Real estate firm JLL announced this week that some of its capital markets team members helped secure $66.2 million in financing for that project, which is being built by Minneapolis-based Sherman Associates. JLL representatives said multifamily housing in mixed-used developments is attracting a lot of investment now because people want to live in dense, pedestrian-friendly neighborhoods. They posit Downtown Westminster is particularly attractive because it is a mere 10-mile commute from downtown Denver.
“The area is so desirable because of the incredible investment that the city of Westminster has put into redevelopment; an amazing amount of time, resources and funds that will make it a really special place,” Baxter Fain, JLL’s lead broker on the financing deal, wrote in an email Tuesday.
The flurry of activity has city officials buzzing. The origins of Downtown Westminster date to at least 2009. That is when the city’s Urban Renewal Authority adopted a reinvestment plan for the area, located in the city’s most ideal area for a dense, pedestrian-centric neighborhood, just off U.S. 36 at Sheridan and adjacent to a busy Regional Transportation District bus station. The city acquired the mall property for $22 million in 2011, shortly before the buildings were torn down.
“What you’re seeing is several years of progress that is actually finally coming out of the ground,” Mayor Herb Atchison said, adding he expects community excitement to begin rising this year along with the physical projects. “I think when they can see it, people start to understand.”
In total, the city owns 100 acres in the area and can sell parcels and administratively approve projects that meet its planning criteria, leading to speedy development, city officials say. In the end, Westminster could add 2,300 condos and apartments (room for 4,500 or more people), upward of 2 million square feet of office space for primary employers, 750,000 square feet of retail and restaurant space, and roughly 300 hotel rooms.
Atchison said he is hopeful the entire first phase of the project will be underway this year and the city can shift its focus toward selling parcels for Phase 2.
John Burke, the city’s development and construction manager for Downtown Westminster, said the goal is to attract smaller, local businesses to the area. That jibes with the first announced retail lease in the area: Denver-based Marczyk Fine Food inked a deal in summer to open a 9,000-square-foot store on the ground floor of the Origin Hotel project.

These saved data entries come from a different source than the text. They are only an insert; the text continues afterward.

(* Let $(E_i)_{i\in I}$ be a family of sets and $\mathcal{U}$ a uniform ultrafilter on $I$. Then the set $L=\{x : \{i\in I : x\in E_i\}\in\mathcal{U}\}$ is a diagonal of the family $(E_i)_{i\in I}$.
   Context: An ultrafilter $\mathcal{U}$ on $I$ is uniform if every $X\in\mathcal{U}$ satisfies $|X|=|I|$. For sets $F,M$ put $I[F,M]=\{i\in I: F\cap M=F\cap E_i\}$. A set $D$ is a diagonal of $(E_i)_{i\in I}$ if for every finite set $F$ one has $|I[F,D]|=|I|$. *)

theory Defs
  imports Main "HOL-Library.Equipollence"
begin

definition ultrafilter_on :: "'i set \<Rightarrow> 'i set set \<Rightarrow> bool" where
  "ultrafilter_on I U \<longleftrightarrow>
     U \<subseteq> Pow I \<and> I \<in> U \<and> {} \<notin> U \<and>
     (\<forall>X\<in>U. \<forall>Y\<in>U. X \<inter> Y \<in> U) \<and>
     (\<forall>X\<in>U. \<forall>Y. X \<subseteq> Y \<and> Y \<subseteq> I \<longrightarrow> Y \<in> U) \<and>
     (\<forall>X. X \<subseteq> I \<longrightarrow> X \<in> U \<or> I - X \<in> U)"

definition uniform_ultrafilter_on :: "'i set \<Rightarrow> 'i set set \<Rightarrow> bool" where
  "uniform_ultrafilter_on I U \<longleftrightarrow> ultrafilter_on I U \<and> (\<forall>X\<in>U. X \<approx> I)"

definition Iset :: "'i set \<Rightarrow> ('i \<Rightarrow> 'a set) \<Rightarrow> 'a set \<Rightarrow> 'a set \<Rightarrow> 'i set" where
  "Iset I E F M = {i \<in> I. F \<inter> M = F \<inter> E i}"

definition diagonal :: "'i set \<Rightarrow> ('i \<Rightarrow> 'a set) \<Rightarrow> 'a set \<Rightarrow> bool" where
  "diagonal I E D \<longleftrightarrow> (\<forall>F. finite F \<longrightarrow> Iset I E F D \<approx> I)"

end

theory Submission
  imports Defs
begin

text \<open>For each x the indices i at which E i agrees with L at x form a set of the ultrafilter,
  by the ultrafilter dichotomy for the set of i with x in E i. For finite F, the set of i where
  E i agrees with L on all of F is the intersection of finitely many such sets, so it is again
  in the ultrafilter, and uniformity makes it as large as I.\<close>

lemma ultrafilter_on_Int:
  "ultrafilter_on I U \<Longrightarrow> X \<in> U \<Longrightarrow> Y \<in> U \<Longrightarrow> X \<inter> Y \<in> U"
  unfolding ultrafilter_on_def by blast

lemma ultrafilter_on_Diff:
  "ultrafilter_on I U \<Longrightarrow> X \<subseteq> I \<Longrightarrow> X \<notin> U \<Longrightarrow> I - X \<in> U"
  unfolding ultrafilter_on_def by blast

lemma ultrafilter_on_INT:
  assumes "ultrafilter_on I U" and "finite F" and "\<And>x. x \<in> F \<Longrightarrow> B x \<in> U"
  shows "I \<inter> (\<Inter>x\<in>F. B x) \<in> U"
  using assms(2,3)
proof (induction F rule: finite_induct)
  case empty
  then show ?case using assms(1) by (simp add: ultrafilter_on_def)
next
  case (insert a F)
  have "I \<inter> (\<Inter>x\<in>insert a F. B x) = B a \<inter> (I \<inter> (\<Inter>x\<in>F. B x))" by auto
  with insert show ?case using ultrafilter_on_Int[OF assms(1)] by simp
qed

lemma ultrafilter_on_agreement_set:
  assumes "ultrafilter_on I U"
  shows "{i \<in> I. x \<in> E i \<longleftrightarrow> x \<in> {y. {i \<in> I. y \<in> E i} \<in> U}} \<in> U"
proof (cases "{i \<in> I. x \<in> E i} \<in> U")
  case True
  then show ?thesis by simp
next
  case False
  then have "I - {i \<in> I. x \<in> E i} \<in> U" by (rule ultrafilter_on_Diff[OF assms, rotated]) blast
  moreover have "I - {i \<in> I. x \<in> E i} = {i \<in> I. x \<notin> E i}" by blast
  ultimately show ?thesis using False by simp
qed

lemma Iset_ultrafilter_limit_in_ultrafilter:
  assumes "ultrafilter_on I U" and "finite F"
  shows "Iset I E F {x. {i \<in> I. x \<in> E i} \<in> U} \<in> U"
proof -
  let ?L = "{x. {i \<in> I. x \<in> E i} \<in> U}"
  have "Iset I E F ?L = I \<inter> (\<Inter>x\<in>F. {i \<in> I. x \<in> E i \<longleftrightarrow> x \<in> ?L})"
    unfolding Iset_def by blast
  also have "\<dots> \<in> U"
    by (rule ultrafilter_on_INT[OF assms]) (rule ultrafilter_on_agreement_set[OF assms(1)])
  finally show ?thesis .
qed

theorem mainTheorem6:
  fixes I :: "'i set" and E :: "'i \<Rightarrow> 'a set" and U :: "'i set set"
  assumes "uniform_ultrafilter_on I U"
  shows "diagonal I E {x. {i \<in> I. x \<in> E i} \<in> U}"
proof -
  from assms have "ultrafilter_on I U" and "\<forall>X\<in>U. X \<approx> I"
    by (simp_all add: uniform_ultrafilter_on_def)
  then show ?thesis
    unfolding diagonal_def using Iset_ultrafilter_limit_in_ultrafilter by blast
qed

end
lemma centered_sq_dominator:
  assumes F: "assumption_F M P \<nu> F" and F2: "assumption_F2 M P F \<mu> \<alpha>" and g: "g \<in> F"
    and fs: "\<And>l. fs l \<in> F" and fs_le_g: "\<And>l x. x \<in> space M \<Longrightarrow> \<bar>fs l x\<bar> \<le> g x"
  obtains G where "G \<in> F" and "\<And>x. x \<in> space M \<Longrightarrow> 0 \<le> G x"
    and "\<And>l x. x \<in> space M \<Longrightarrow> (fs l x - (\<integral>y. fs l y \<partial>\<mu>))\<^sup>2 \<le> G x"
proof
  define m where "m = (\<integral>y. g y \<partial>\<mu>)"
  show "(\<lambda>x. 2 * (g x)\<^sup>2 + 2 * m\<^sup>2) \<in> F"
    using F g by (intro assumption_F_add assumption_F_cmult assumption_F_square assumption_F_const)
  show "0 \<le> 2 * (g x)\<^sup>2 + 2 * m\<^sup>2" for x
    by simp
  have "\<bar>\<integral>y. fs l y \<partial>\<mu>\<bar> \<le> m" for l
    using F2 fs g fs_le_g unfolding assumption_F2_def m_def
    by (intro order_trans[OF integral_abs_bound] integral_mono) (auto dest: sets_eq_imp_space_eq)
  then show "(fs l x - (\<integral>y. fs l y \<partial>\<mu>))\<^sup>2 \<le> 2 * (g x)\<^sup>2 + 2 * m\<^sup>2" if "x \<in> space M" for l x
    using centered_sq_le fs_le_g[OF that] by blast
qed

lemma nn_integral_funpow_Qop_bounded:
  assumes F: "assumption_F M P \<nu> F" and F2: "assumption_F2 M P F \<mu> \<alpha>"
    and \<nu>: "prob_space \<nu>" "sets \<nu> = sets M" and f: "f \<in> F"
  obtains C where "0 \<le> C" and "\<And>k. (\<integral>\<^sup>+x. ennreal ((Qop P ^^ k) f x) \<partial>\<nu>) \<le> ennreal C"
proof -
  interpret \<nu>: prob_space \<nu> by (rule \<nu>(1))
  have space_\<nu>: "space \<nu> = space M"
    using sets_eq_imp_space_eq[OF \<nu>(2)] .
  define c where "c = (\<integral>y. f y \<partial>\<mu>)"
  obtain H where "H \<in> F" and H: "\<And>k x. x \<in> space M \<Longrightarrow> \<bar>(Qop P ^^ k) f x - c\<bar> \<le> \<alpha> ^ k * H x"
    and \<alpha>: "0 < \<alpha>" "\<alpha> < 1"
    using F2 f unfolding assumption_F2_def c_def by blast
  have H_nonneg: "0 \<le> H x" if "x \<in> space M" for x
    using H[OF that, of 0] by simp
  have Qf_le: "(Qop P ^^ k) f x \<le> \<bar>c\<bar> + H x" if "x \<in> space M" for k x
  proof -
    have "\<alpha> ^ k * H x \<le> H x"
      using \<alpha> H_nonneg[OF that] by (intro mult_left_le_one_le) (auto simp: power_le_one)
    then show ?thesis using H[OF that, of k] by linarith
  qed
  show thesis
  proof
    show "0 \<le> \<bar>c\<bar> + (\<integral>x. H x \<partial>\<nu>)"
      using H_nonneg space_\<nu> by (intro add_nonneg_nonneg abs_ge_zero Bochner_Integration.integral_nonneg) auto
    have "(\<integral>\<^sup>+x. ennreal ((Qop P ^^ k) f x) \<partial>\<nu>) \<le> (\<integral>\<^sup>+x. ennreal (\<bar>c\<bar> + H x) \<partial>\<nu>)" for k
      using Qf_le space_\<nu> by (intro nn_integral_mono ennreal_leI) auto
    also have "\<dots> = ennreal (\<bar>c\<bar> + (\<integral>x. H x \<partial>\<nu>))"
      using assumption_F_integrable[OF F \<open>H \<in> F\<close>] H_nonneg space_\<nu>
      by (subst nn_integral_eq_integral) (auto simp: \<nu>.prob_space[unfolded space_\<nu>])
    finally show "(\<integral>\<^sup>+x. ennreal ((Qop P ^^ k) f x) \<partial>\<nu>) \<le> ennreal (\<bar>c\<bar> + (\<integral>x. H x \<partial>\<nu>))"
      for k .
  qed
qed

lemma
  assumes "is_BMC M \<Omega> X \<nu> P"
  shows is_BMC_prob_space: "prob_space \<Omega>"
    and is_BMC_measurable: "X i \<in> \<Omega> \<rightarrow>\<^sub>M M"
    and is_BMC_distr_root: "distr \<Omega> M (X []) = \<nu>"
  using assms by (auto simp: is_BMC_def)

A city project in the neighborhood also is underway — a 5,000-square-foot central plaza that will be home to open-air concerts, movie nights and other civic events, Burke said. The first events could be held there this summer.
It’s all part of an attempt to recapture the atmosphere the Westminster Mall had in its 1970s and 1980s heyday, when it was a hub of activity attracting people from across the metro area. That’s what residents said they wanted the city to focus on when redeveloping the area.
“That sense of community has been lost,” Burke said. “What (residents) really wanted was that sense of community again.”